This work addresses the untestable sequential ignorability assumption in causal mediation analysis by proposing a sensitivity analysis framework to assess the impact of unmeasured confounding on natural direct and indirect effects. The authors introduce a “bridge score”—a low-dimensional balancing score for the mediator stage—and derive sharp pointwise sensitivity bounds governed by two interpretable latent parameters. They develop two calibration strategies: benchmark calibration (including a rank-invariant variant) and residual budget calibration. Integrating scalar functional dimension reduction with a Bayesian g-computation algorithm, the method effectively quantifies the influence of unobserved confounders while fully propagating uncertainty through posterior sampling, thereby substantially enhancing the rigor and practical utility of sensitivity analysis in causal mediation settings.

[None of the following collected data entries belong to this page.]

fun frame_safe :: "program \<Rightarrow> frame \<Rightarrow> (nat \<Rightarrow> vitem list \<Rightarrow> bool) \<Rightarrow> vitem list \<Rightarrow> bool" where
  "frame_safe P (Ev e \<rho>) K vs = accepts_result P e K vs"
| "frame_safe P (Sub e \<rho>) K vs = accepts_result P e K (Sep # vs)"
| "frame_safe P (Hole (LetH xs e2) \<rho>) K vs =
     (\<exists>ws r. topb vs = Some (ws, r) \<and> length xs \<le> length ws \<and> accepts_result P e2 K r)"
| "frame_safe P (Hole (CallH f k) \<rho>) K vs =
     (case procs P f of
        None \<Rightarrow> True
      | Some (ps, b) \<Rightarrow> k = length ps \<and> (\<exists>as r. pop1 k vs = Some (as, r) \<and> accepts_result P b K r))"
| "frame_safe P (Hole (PrimH p k) \<rho>) K vs =
     (case prims P p of
        None \<Rightarrow> True
      | Some (n, m, F) \<Rightarrow> k = n \<and> (\<exists>as r. pop1 k vs = Some (as, r) \<and> K m r))"
| "frame_safe P (Hole (IfH e1 e2) \<rho>) K vs =
     (\<exists>v r. vs = V v # Sep # r \<and> accepts_result P e1 K r \<and> accepts_result P e2 K r)"
| "frame_safe P (Hole (BundleH k) \<rho>) K vs = (\<exists>as r. pop1 k vs = Some (as, r) \<and> K k r)"
| "frame_safe P (Hole (ForkH f k) \<rho>) K vs =
     (case procs P f of
        None \<Rightarrow> True
      | Some (ps, b) \<Rightarrow> k = length ps \<and> (\<exists>as r. pop1 k vs = Some (as, r) \<and> K 1 r)
                        \<and> dim P b < DTop)"
| "frame_safe P (Hole JoinH \<rho>) K vs = (\<exists>v r. vs = V v # Sep # r \<and> K 1 r)"

text \<open>The continuation \<open>K n r\<close> passed to a frame says that the rest of the main stack is safe
  once a bundle of \<open>n\<close> values has been pushed onto \<open>r\<close>.\<close>

primrec stack_safe :: "program \<Rightarrow> frame list \<Rightarrow> vitem list \<Rightarrow> bool" where
  "stack_safe P [] vs = True"
| "stack_safe P (fr # ms) vs =
     frame_safe P fr (\<lambda>n r. \<forall>ws. length ws = n \<longrightarrow> stack_safe P ms (map V ws @ r)) vs"

fun thread_safe :: "program \<Rightarrow> thread \<Rightarrow> bool" where
  "thread_safe P (ms, vs) = stack_safe P ms vs"

definition singletons :: "val list \<Rightarrow> vitem list" where
  "singletons ws = concat (map (\<lambda>w. [V w, Sep]) ws)"

lemma pop1_singletons: "length ws = k \<Longrightarrow> pop1 k (singletons ws @ vs) = Some (rev ws, vs)"
  by (induction ws arbitrary: k) (auto simp: singletons_def)

lemma pop1_length: "pop1 k vs = Some (as, r) \<Longrightarrow> length as = k"
  by (induction k vs arbitrary: as r rule: pop1.induct) (auto split: option.splits)

lemma pop1_Suc_0_iff: "pop1 1 vs \<noteq> None \<longleftrightarrow> (\<exists>v r. vs = V v # Sep # r)"
  by (cases "(1::nat, vs)" rule: pop1.cases) (auto split: option.splits)

lemma topb_bundle: "topb (map V ws @ Sep # vs) = Some (rev ws, vs)"
  by (induction ws) auto

lemma stack_safe_push_arg:
  assumes "dim P e \<le> Fin 1" and "\<And>w. stack_safe P ms (V w # Sep # vs)"
  shows "stack_safe P (Sub e \<rho> # ms) vs"
  using assms by (auto simp: accepts_result_def length_Suc_conv intro!: exI[of _ 1])

lemma stack_safe_push_args:
  assumes "\<forall>e\<in>set es. dim P e \<le> Fin 1"
    and "\<forall>ws. length ws = length es \<longrightarrow> stack_safe P ms (singletons ws @ vs)"
  shows "stack_safe P (map (\<lambda>e. Sub e \<rho>) es @ ms) vs"
  using assms
proof (induction es arbitrary: vs)
  case Nil
  then show ?case by (simp add: singletons_def)
next
  case (Cons e es)
  have "stack_safe P (map (\<lambda>e. Sub e \<rho>) es @ ms) (V w # Sep # vs)" for w
  proof (rule Cons.IH)
    show "\<forall>e\<in>set es. dim P e \<le> Fin 1"
      using Cons.prems by simp
    show "\<forall>ws. length ws = length es \<longrightarrow> stack_safe P ms (singletons ws @ V w # Sep # vs)"
      using Cons.prems(2)[rule_format, of "_ @ [w]"] by (simp add: singletons_def)
  qed
  then show ?case
    using Cons.prems(1) by (simp add: stack_safe_push_arg del: stack_safe.simps)
qed
lemma down_closed_eq_Union_atMost:
  fixes S :: "real set"
  assumes "S \<noteq> {}" and down: "\<And>x y. y \<in> S \<Longrightarrow> x \<le> y \<Longrightarrow> x \<in> S"
  obtains Y :: "nat \<Rightarrow> real" where "\<And>i. Y i \<in> S" "incseq Y" "(\<Union>i. {..Y i}) = S"
proof (cases "bdd_above S")
  case False
  have S: "real i \<in> S" for i
    using False down by (meson bdd_above_def linorder_not_le order.strict_implies_order)
  have "(\<Union>i. {..real i}) = S"
    using S down real_arch_simple by fastforce
  then show ?thesis by (intro that[of real, OF S]) (auto simp: incseq_def)
next
  case bdd: True
  show ?thesis
  proof (cases "Sup S \<in> S")
    case True
    have "(\<Union>i::nat. {..Sup S}) = S" using True down cSup_upper[OF _ bdd] by auto
    then show ?thesis by (intro that[of "\<lambda>_. Sup S"]) (use True in \<open>auto simp: incseq_def\<close>)
  next
    case False
    define Y where "Y i = Sup S - 1 / (real i + 1)" for i :: nat
    have S: "Y i \<in> S" for i
    proof -
      have "Y i < Sup S" unfolding Y_def by simp
      then obtain z where "z \<in> S" "Y i < z" using less_cSup_iff[OF \<open>S \<noteq> {}\<close> bdd] by blast
      then show ?thesis using down by auto
    qed
    have "incseq Y" unfolding incseq_def Y_def
      by (auto intro!: divide_left_mono mult_pos_pos simp: field_simps)
    moreover have "(\<Union>i. {..Y i}) = S"
    proof
      show "(\<Union>i. {..Y i}) \<subseteq> S" using S down by auto
      show "S \<subseteq> (\<Union>i. {..Y i})"
      proof
        fix x assume x: "x \<in> S"
        then have "x < Sup S" using False cSup_upper[OF x bdd] by (metis order.order_iff_strict)
        then obtain i :: nat where "1 / (real i + 1) < Sup S - x"
          by (metis diff_gt_0_iff_gt nat_approx_posE of_nat_Suc add.commute)
        then have "x \<le> Y i" unfolding Y_def by simp
        then show "x \<in> (\<Union>i. {..Y i})" by auto
      qed
    qed
    ultimately show ?thesis by (rule that[OF S])
  qed
qed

Causal mediation analysis decomposes the total treatment effect into a portion operating through a hypothesized mediator and a residual direct portion. Identification of natural direct and indirect effects typically rests on the mediator stage of sequential ignorability, which cannot be empirically verified and requires explicit sensitivity analysis. We introduce the \emph{bridge score}, a low-dimensional vector formed from the two treatment-specific mediator densities at a common mediator value, and show that it is a balancing score for the mediator stage of sequential ignorability. Conditional on the bridge score, we then derive a sharp pointwise envelope on the unidentified mediator-outcome confounding function in terms of two interpretable latent confounding parameters. To make the bound operational for sensitivity analysis, we further introduce two calibration approaches. The first is benchmark calibration against an observed covariate, including a rank-based version that is invariant to monotone re-expressions of the benchmark; the second is residual budget calibration based on residual outcome variation. Finally, we show how the pointwise bound can be operationalized for inference through a scalar functional reduction and a Bayesian g-computation algorithm that propagates all sources of uncertainty into posterior draws of the mediation effect estimates.